Molecular modeling of PenA and PenI with imipenem. A, Michaelis-Menten complex of PenA (cyan) with IMI (green) shows that the carbonyl of IMI is oriented toward the oxyanion hole, the backbone amides of Ser-70 and Thr-237. B, Michaelis-Menten complex of PenI (orange) with IMI (green) reveals the different conformation of Tyr-105 compared with PenA model. C, Δ² isoform of IMI (green) with PenA (cyan) reveals the carbonyl of IMI is within the oxyanion hole and in a position favorable for deacylation. D, Δ² isoform of IMI (green) with PenI (orange) demonstrates that the carbonyl of IMI is outside of oxyanion hole.
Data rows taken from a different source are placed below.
(* Let $\mathcal{T}_{5,1}$ be the set of $s\in\mathcal{A}^*$ with $|s|\ne\mathsf{rmin}(s)+1$, $\mathrm{sebr}(s)\ne0$, $\mathrm{sebr}(s)>\mathrm{Rmin}(s)_{\mathsf{rpos}(s)+1}$ and $\mathrm{Prm}(s)_{\mathsf{rpos}(s)+1}=\mathrm{Prm}(s)_{\mathsf{rpos}(s)}+1$. For every $n$ there is a bijection $f_{5,1}$ from $\mathcal{T}_{5,1}\cap\mathcal{A}_n$ onto the set of $s\in\mathcal{A}_n$ such that $\mathsf{rpos}(s)\ne0$, the rightmost occurrence of $\mathrm{Rmin}(s)_{\mathsf{rpos}(s)-1}$ is adjacent to the second rightmost occurrence of $\mathrm{Rmin}(s)_{\mathsf{rpos}(s)}$, and the two rightmost occurrences of $\mathrm{Rmin}(s)_{\mathsf{rpos}(s)}$ are not adjacent and have no $\mathcal{M}$asc between them. Moreover for all $s$: $\mathsf{asc},\mathsf{rep},\mathsf{max},\mathsf{ealm},\mathsf{rmin}$ take equal values on $s$ and $f_{5,1}(s)$, $\mathsf{rpos}(s)=\mathsf{rpos}(f_{5,1}(s))-1$, and $\mathsf{zero}(s)=\mathsf{zero}(f_{5,1}(s))+\chi(\mathsf{rpos}(s)=0)$.
   Context: For a sequence $s$, $\mathsf{asc}(s)=|\{i:s_i<s_{i+1}\}|$. An ascent sequence is a sequence $s=(s_1,\dots,s_n)$ of non-negative integers with $s_1=0$, $s_i\le\mathsf{asc}(s_1,\dots,s_{i-1})+1$ for $i\ge2$; $\mathcal{A}_n$ is the set of those of length $n$, $|s|$ the length; $\mathcal{A}^*$ is the set of all ascent sequences except those of the form $(0,1,\dots,|s|-1)$. $\mathsf{rep}(s)=|s|-|\{s_i\}|$; $\mathsf{zero}(s)=|\{i:s_i=0\}|$; $\mathsf{max}(s)=|\{i:s_i=i-1\}|$; $\mathsf{ealm}(s)=s_{\mathsf{max}(s)+1}$ if $\mathsf{max}(s)\ne|s|$, else $0$. A right-to-left minimum is an entry $s_i$ with $s_i<s_j$ for all $j>i$; $\mathsf{rmin}(s)$ is their number; they are indexed $0,\dots,\mathsf{rmin}(s)-1$ from left to right, with values $\mathrm{Rmin}(s)_m$ and positions $\mathrm{Prm}(s)_m$. $\mathsf{rpos}(s)$: $0$ if $\mathsf{rmin}(s)=|s|$; otherwise the maximal $m$ such that the value $\mathrm{Rmin}(s)_m$ occurs at least twice after position $\mathrm{Prm}(s)_{m-1}$ (for $m=0$: at least twice in $s$), and $0$ if none. $\mathrm{sebr}(s)$ is the smallest entry strictly between the two rightmost occurrences of $\mathrm{Rmin}(s)_{\mathsf{rpos}(s)}$, and $0$ if they are adjacent; when $\mathsf{rpos}(s)=\mathsf{rmin}(s)-1$ one regards $\mathrm{sebr}(s)<\mathrm{Rmin}(s)_{\mathsf{rpos}(s)+1}$ as true. An entry $s_i$ is an $\mathcal{M}$asc if $s_i=\mathsf{asc}(s_1,\dots,s_{i-1})+1$. $\chi(P)=1$ if $P$ holds, else $0$. *)

theory Defs
  imports Main
begin

(* Sequences are lists of naturals; list index j (0-based) corresponds to paper position j+1. *)

definition asc :: "nat list \<Rightarrow> nat" where
  "asc s = card {i. Suc i < length s \<and> s ! i < s ! Suc i}"

definition is_ascent :: "nat list \<Rightarrow> bool" where
  "is_ascent s \<longleftrightarrow> s \<noteq> [] \<and> s ! 0 = 0 \<and>
     (\<forall>i. 1 \<le> i \<and> i < length s \<longrightarrow> s ! i \<le> asc (take i s) + 1)"

definition ascA :: "nat \<Rightarrow> nat list set" where
  "ascA n = {s. is_ascent s \<and> length s = n}"

definition ascAstar :: "nat list set" where
  "ascAstar = {s. is_ascent s \<and> s \<noteq> [0..<length s]}"

definition rep :: "nat list \<Rightarrow> nat" where
  "rep s = length s - card (set s)"

definition zero :: "nat list \<Rightarrow> nat" where
  "zero s = card {i. i < length s \<and> s ! i = 0}"

(* paper: s_i = i - 1 with 1-based i; here s!j = j with 0-based j *)
definition maxst :: "nat list \<Rightarrow> nat" where
  "maxst s = card {j. j < length s \<and> s ! j = j}"

(* paper: s_{max(s)+1} (1-based) = s ! max(s) (0-based) *)
definition ealm :: "nat list \<Rightarrow> nat" where
  "ealm s = (if maxst s \<noteq> length s then s ! maxst s else 0)"

definition Prm :: "nat list \<Rightarrow> nat list" where
  "Prm s = filter (\<lambda>i. \<forall>j. i < j \<and> j < length s \<longrightarrow> s ! i < s ! j) [0..<length s]"

definition Rmin :: "nat list \<Rightarrow> nat list" where
  "Rmin s = map (\<lambda>i. s ! i) (Prm s)"

definition rmin :: "nat list \<Rightarrow> nat" where
  "rmin s = length (Prm s)"

definition occ_after :: "nat list \<Rightarrow> nat \<Rightarrow> nat \<Rightarrow> nat" where
  "occ_after s m v = card {j. j < length s \<and> (m = 0 \<or> Prm s ! (m - 1) < j) \<and> s ! j = v}"

definition rpos :: "nat list \<Rightarrow> nat" where
  "rpos s = (if rmin s = length s then 0
     else if (\<exists>m < rmin s. 2 \<le> occ_after s m (Rmin s ! m))
       then (GREATEST m. m < rmin s \<and> 2 \<le> occ_after s m (Rmin s ! m))
       else 0)"

definition occs :: "nat list \<Rightarrow> nat \<Rightarrow> nat list" where
  "occs s v = filter (\<lambda>j. s ! j = v) [0..<length s]"

definition occ_last :: "nat list \<Rightarrow> nat \<Rightarrow> nat" where
  "occ_last s v = last (occs s v)"

definition occ_2nd_last :: "nat list \<Rightarrow> nat \<Rightarrow> nat" where
  "occ_2nd_last s v = occs s v ! (length (occs s v) - 2)"

definition sebr :: "nat list \<Rightarrow> nat" where
  "sebr s = (let v = Rmin s ! rpos s; p1 = occ_2nd_last s v; p2 = occ_last s v in
     if length (occs s v) < 2 \<or> p2 = Suc p1 then 0
     else Min {s ! j | j. p1 < j \<and> j < p2})"

definition Masc :: "nat list \<Rightarrow> nat \<Rightarrow> bool" where
  "Masc s j \<longleftrightarrow> s ! j = asc (take j s) + 1"

(* T_{5,1}; the convention "sebr(s) < Rmin(s)_{rpos(s)+1} is true when rpos(s) = rmin(s)-1"
   makes the condition sebr(s) > Rmin(s)_{rpos(s)+1} require rpos(s)+1 < rmin(s). *)
definition T51 :: "nat list set" where
  "T51 = {s \<in> ascAstar. length s \<noteq> rmin s + 1 \<and> sebr s \<noteq> 0 \<and>
      rpos s + 1 < rmin s \<and> sebr s > Rmin s ! (rpos s + 1) \<and>
      Prm s ! (rpos s + 1) = Prm s ! rpos s + 1}"

definition target51 :: "nat \<Rightarrow> nat list set" where
  "target51 n = {s \<in> ascA n. rpos s \<noteq> 0 \<and>
     (let q = occ_last s (Rmin s ! (rpos s - 1));
          v = Rmin s ! rpos s; p1 = occ_2nd_last s v; p2 = occ_last s v in
      (q = Suc p1 \<or> p1 = Suc q) \<and> p2 \<noteq> Suc p1 \<and>
      \<not> (\<exists>j. p1 < j \<and> j < p2 \<and> Masc s j))}"

end

theory Submission
  imports Defs
begin

text \<open>
  A sequence \<open>s\<close> of \<open>T51\<close> has the shape \<open>A u B u v C\<close>: the two displayed \<open>u\<close> are
  the rightmost copies of \<open>u = Rmin(s)\<^sub>r\<close> with \<open>r = rpos s\<close>, the second one is
  immediately followed by the next right-to-left minimum \<open>v\<close>, and all entries of \<open>B\<close>
  (whose minimum is \<open>sebr s\<close>) and of \<open>C\<close> exceed \<open>v\<close>. Its image is \<open>f51 s = A u v B v C\<close>.
  This moves the ascent \<open>u < v\<close> in front of \<open>B\<close>: the number of ascents and every
  ascent-sequence constraint outside \<open>B\<close> are unchanged, while the bound for each entry of
  \<open>B\<close> grows by one, so the images are exactly the target sequences without an
  \<open>\<M>\<close>asc inside \<open>B\<close>. The right-to-left minima keep their values and only the position
  of \<open>u\<close> among them moves, so \<open>rmin\<close> is unchanged, while \<open>v\<close> now occurs twice after
  \<open>u\<close> and becomes the one that defines \<open>rpos\<close>. A zero is lost exactly when \<open>u = 0\<close>,
  i.e. when \<open>r = 0\<close>; \<open>max\<close> and \<open>ealm\<close> only see the prefix \<open>A\<close>.
\<close>

lemma in_set_drop_iff: "x \<in> set (drop n s) \<longleftrightarrow> (\<exists>j. n \<le> j \<and> j < length s \<and> s ! j = x)"
proof
  assume "x \<in> set (drop n s)"
  then obtain i where "i < length s - n" "s ! (n + i) = x"
    by (auto simp: in_set_conv_nth)
  then show "\<exists>j. n \<le> j \<and> j < length s \<and> s ! j = x"
    by (intro exI[of _ "n + i"]) auto
next
  assume "\<exists>j. n \<le> j \<and> j < length s \<and> s ! j = x"
  then obtain j where "n \<le> j" "j < length s" "s ! j = x"
    by blast
  then show "x \<in> set (drop n s)"
    unfolding in_set_conv_nth by (intro exI[of _ "j - n"]) auto
qed

lemma in_set_drop_take_above:
  assumes "\<And>x. i \<le> x \<Longrightarrow> x < j \<Longrightarrow> x < length s \<Longrightarrow> c < s ! x"
  shows "\<forall>y\<in>set (drop i (take j s)). c < y"
  using assms by (auto simp: in_set_drop_iff)

lemma split_at_two:
  assumes "i < j" "j < length s"
  shows "s = take i s @ [s ! i] @ drop (Suc i) (take j s) @ [s ! j] @ drop (Suc j) s"
proof -
  have "take j s = take i s @ [s ! i] @ drop (Suc i) (take j s)"
    using assms id_take_nth_drop[of i "take j s"] by simp
  moreover have "s = take j s @ [s ! j] @ drop (Suc j) s"
    using assms(2) id_take_nth_drop by simp
  ultimately show ?thesis
    by (metis append.assoc)
qed

subsection \<open>Ascents\<close>

lemma asc_Nil [simp]: "asc [] = 0"
  by (simp add: asc_def)

lemma asc_singleton [simp]: "asc [x] = 0"
  by (simp add: asc_def)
Water molecules (not shown) are present near Arg-220; thus IMI is in a favorable orientation for tautomerization of its C₂–C₃ double bond for generation of the more stable Δ¹ isoform.

FIGURE 7.

Arg at position 220 is critical for imipenem resistance and hydrolysis by PenA. A, Etests for E. coli DH10B pBC SK(+) (left), E. coli DH10B pBC SK(+) bla_PenA (middle), and E. coli DH10B pBC SK(+) bla_PenA carrying the R220G substitution (right) reveals MICs of 0.19, 1.5, and 0.25 mg/liter, respectively. B, imipenem hydrolysis was monitored at 297 nm using periplasmic extracts prepared from E. coli DH10B pBC SK(+) (black line), E. coli DH10B pBC SK(+) bla_PenA (black dotted line), and E. coli DH10B pBC SK(+) bla_PenA carrying the R220G substitution (gray striped line).